Task directions: Which lines of the entries contain the string "semidefinite"? Copy each of them.

Records for this task:
lemma least_period_lin_interp:
  assumes N: "N > 0" and A: "periodic_int (int N) A" and nonconst: "A j \<noteq> A 0"
    and P: "P > 0" and periods: "\<And>p. periodic_int (int p) A \<longleftrightarrow> P dvd p"
  shows "least_period (lin_interp A) (real P)"
  unfolding least_period_def
proof (intro conjI allI impI)
  show "0 < real P" using P by simp
  show "lin_interp A (x + real P) = lin_interp A x" for x
    using lin_interp_add_of_int[of "int P" A x] periods[of P] by simp
next
  fix L assume "0 < L \<and> (\<forall>x. lin_interp A (x + L) = lin_interp A x)"
  then have L: "0 < L" and per: "\<And>x. lin_interp A (x + L) = lin_interp A x" by auto
  have "L \<in> \<int>"
  proof (rule ccontr)
    assume "L \<notin> \<int>"
    then have "A j = A 0"
      using periodic_int_const_if_second_difference_eq_0[OF N A]
        second_difference_eq_0_if_lin_interp_period_not_int[OF per] by blast
    with nonconst show False ..
  qed
  then obtain m where "L = of_int m" by (auto elim: Ints_cases)
  with L obtain p :: nat where p: "L = real p"
    by (metis of_int_of_nat_eq zero_less_imp_eq_int of_int_0_less_iff)
  then have "periodic_int (int p) A"
    using per lin_interp_period_of_int_iff[of A "int p"] by simp
  then have "P dvd p" by (simp add: periods)
  with L p show "real P \<le> L" by (simp add: dvd_imp_le)
qed

lemma cyclic_ext_nonconst:
  assumes a: "a \<in> carrier_vec N" and "\<not> parallel_to_ones N a"
  shows "\<exists>j. cyclic_ext N a j \<noteq> cyclic_ext N a 0"
proof (rule ccontr)
  assume const: "\<nexists>j. cyclic_ext N a j \<noteq> cyclic_ext N a 0"
  have "a $ i = cyclic_ext N a 0" if "i < N" for i
  proof -
    have "cyclic_ext N a (int i) = cyclic_ext N a 0" using const by blast
    then show ?thesis by (simp add: cyclic_ext_of_nat[OF that])
  qed
  then have "a = cyclic_ext N a 0 \<cdot>\<^sub>v vec N (\<lambda>_. 1)"
    using a by (intro eq_vecI) auto
  with assms(2) show False by (auto simp: parallel_to_ones_def)
qed

lemma least_period_gfun_iff:
  assumes N: "N > 0" and a: "a \<in> carrier_vec N"
  shows "least_period (gfun N a b) L \<longleftrightarrow> least_period (lin_interp (cyclic_ext N a)) L"
proof -
  have "(\<forall>x. gfun N a b (x + T) = gfun N a b x)
      \<longleftrightarrow> (\<forall>x. lin_interp (cyclic_ext N a) (x + T) = lin_interp (cyclic_ext N a) x)" for T
  proof
    assume "\<forall>x. gfun N a b (x + T) = gfun N a b x"
    then have "gfun N a b (x + T) $ 0 = gfun N a b x $ 0" for x by simp
    with N show "\<forall>x. lin_interp (cyclic_ext N a) (x + T) = lin_interp (cyclic_ext N a) x"
      by (simp add: gfun_eq_lin_interp[OF N a])
  next
    assume "\<forall>x. lin_interp (cyclic_ext N a) (x + T) = lin_interp (cyclic_ext N a) x"
    then show "\<forall>x. gfun N a b (x + T) = gfun N a b x"
      by (simp add: gfun_eq_lin_interp[OF N a] flip: add.assoc)
  qed
  then show ?thesis by (simp add: least_period_def)
qed
lemma symmetric_matrix_orthonormal_eigenbasis:
  fixes M :: "real^'n^'n"
  assumes sym: "transpose M = M"
  obtains E \<mu> where "orthonormal_eigenbasis M E \<mu>"
proof -
  define unit_eigenvectors where "unit_eigenvectors E \<mu> \<longleftrightarrow>
      finite E \<and> pairwise orthogonal E \<and> (\<forall>b\<in>E. norm b = 1 \<and> M *v b = \<mu> b *\<^sub>R b)" for E \<mu>
  have "\<exists>E \<mu>. unit_eigenvectors E \<mu> \<and> card E = k" if "k \<le> CARD('n)" for k
    using that
  proof (induction k)
    case 0
    show ?case
      by (auto simp: unit_eigenvectors_def intro!: exI[of _ "{}"])
  next
    case (Suc k)
    then obtain E \<mu> where E: "unit_eigenvectors E \<mu>" "card E = k"
      by auto
    then obtain v c where v: "norm v = 1" "M *v v = c *\<^sub>R v" "\<And>b. b \<in> E \<Longrightarrow> orthogonal b v"
      using symmetric_orthogonal_unit_eigenvector_exists[OF sym, of E \<mu>] Suc.prems
      by (auto simp: unit_eigenvectors_def)
    have "v \<notin> E"
      using v(1) v(3)[of v] by (auto simp: orthogonal_def)
    then have "unit_eigenvectors (insert v E) (\<mu>(v := c)) \<and> card (insert v E) = Suc k"
      using E v by (auto simp: unit_eigenvectors_def pairwise_insert orthogonal_commute)
    then show ?case
      by blast
  qed
  then obtain E \<mu> where E: "unit_eigenvectors E \<mu>" "card E = CARD('n)"
    by blast
  then have "independent E"
    by (intro pairwise_orthogonal_independent) (auto simp: unit_eigenvectors_def)
  then have "dim E = CARD('n)"
    using E(2) by (simp add: dim_eq_card_independent)
  then have "span E = UNIV"
    using dim_eq_full[of E] by simp
  with E have "orthonormal_eigenbasis M E \<mu>"
    unfolding unit_eigenvectors_def
    by unfold_locales (auto simp: pairwise_def orthogonal_def norm_eq_1 intro: orthonormal_basis_expand)
  then show ?thesis
    by (rule that)
qed

lemma symmetric_quadratic_form_le_Max_eigenvalue:
  fixes M :: "real^'n^'n"
  assumes "transpose M = M"
  shows "y \<bullet> (M *v y) \<le> Max (eigenvalues M) * (y \<bullet> y)"
  by (metis assms orthonormal_eigenbasis.quadratic_form_le_Max_eigenvalue
      symmetric_matrix_orthonormal_eigenbasis)

lemma symmetric_quadratic_form_eq_Max_eigenvalue_imp_eigenvector:
  fixes M :: "real^'n^'n"
  assumes "transpose M = M" and "y \<bullet> (M *v y) = Max (eigenvalues M) * (y \<bullet> y)"
  shows "M *v y = Max (eigenvalues M) *\<^sub>R y"
  by (metis assms orthonormal_eigenbasis.quadratic_form_eq_Max_eigenvalue_imp_eigenvector
      symmetric_matrix_orthonormal_eigenbasis)

lemma symmetric_single_eigenvalue_imp_scalar:
  fixes M :: "real^'n^'n"
  assumes "transpose M = M" and "card (eigenvalues M) = 1"
  shows "M *v y = Max (eigenvalues M) *\<^sub>R y"
  by (metis assms orthonormal_eigenbasis.single_eigenvalue_imp_scalar
      symmetric_matrix_orthonormal_eigenbasis)

section \<open>Positive semidefinite square roots\<close>

lemma psd_root_on_eigenvector:
  fixes T :: "real^'n^'n"
  assumes sym: "transpose T = T" and psd: "\<And>x. 0 \<le> x \<bullet> (T *v x)"
    and b: "(T ** T) *v b = m *\<^sub>R b" and m: "0 \<le> m"
  shows "T *v b = sqrt m *\<^sub>R b"
proof (cases "m = 0")
  case True
  have "(T *v b) \<bullet> (T *v b) = b \<bullet> ((T ** T) *v b)"
    using symmetric_matrix_inner_commute[OF sym, of b "T *v b"] by (simp add: matrix_vector_mul_assoc)
  with True b show ?thesis
    by simp
next
  case False
  define s where "s = sqrt m"
  define w where "w = T *v b - s *\<^sub>R b"
  have "s > 0" and ss: "s * s = m"
    using m False by (simp_all add: s_def)
  have "T *v w = - s *\<^sub>R w"
    using b unfolding w_def ss[symmetric]
    by (simp add: matrix_vector_mul_assoc[symmetric] matrix_vector_mult_diff_distrib
        matrix_vector_mult_scaleR algebra_simps)
  then have "s * (w \<bullet> w) \<le> 0"
    using psd[of w] by simp
  with \<open>s > 0\<close> have "w = 0"
    by (meson inner_gt_zero_iff mult_pos_pos not_le)
  then show ?thesis
    by (simp add: w_def s_def)
qed

text \<open>Uniqueness: every symmetric positive semidefinite root of \<open>T ** T\<close> acts on each eigenvector
  of \<open>T ** T\<close> by the square root of its eigenvalue.\<close>
lemma psd_sqrt_eqI:
  fixes T :: "real^'n^'n"
  assumes sym: "transpose T = T" and psd: "\<And>x. 0 \<le> x \<bullet> (T *v x)"
  shows "psd_sqrt (T ** T) = T"
proof -
  have "transpose (T ** T) = T ** T"
    using sym by (simp add: matrix_transpose_mul)
  then obtain E \<mu> where "orthonormal_eigenbasis (T ** T) E \<mu>"
    by (rule symmetric_matrix_orthonormal_eigenbasis)
  then interpret orthonormal_eigenbasis "T ** T" E \<mu> .
  have \<mu>_nonneg: "0 \<le> \<mu> b" if "b \<in> E" for b
  proof -
    have "\<mu> b = b \<bullet> ((T ** T) *v b)"
      using eigenvector[OF that] orthonormal[OF that that] by simp
    also have "\<dots> = (T *v b) \<bullet> (T *v b)"
      using symmetric_matrix_inner_commute[OF sym, of b "T *v b"] by (simp add: matrix_vector_mul_assoc)
    finally show ?thesis
      by simp
  qed
  have "T' = T" if "transpose T' = T'" "\<And>x. 0 \<le> x \<bullet> (T' *v x)" "T' ** T' = T ** T" for T'
  proof (rule matrix_eqI)
    fix b assume b: "b \<in> E"
    have "T' *v b = sqrt (\<mu> b) *\<^sub>R b"
      using that eigenvector[OF b] by (intro psd_root_on_eigenvector \<mu>_nonneg[OF b]) auto
    moreover have "T *v b = sqrt (\<mu> b) *\<^sub>R b"
      using sym psd eigenvector[OF b] by (intro psd_root_on_eigenvector \<mu>_nonneg[OF b]) auto
    ultimately show "T' *v b = T *v b"
      by simp
  qed
  with sym psd show ?thesis
    unfolding psd_sqrt_def by (intro the_equality) auto
qed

Response to the task:
section \<open>Positive semidefinite square roots\<close>
text \<open>Uniqueness: every symmetric positive semidefinite root of \<open>T ** T\<close> acts on each eigenvector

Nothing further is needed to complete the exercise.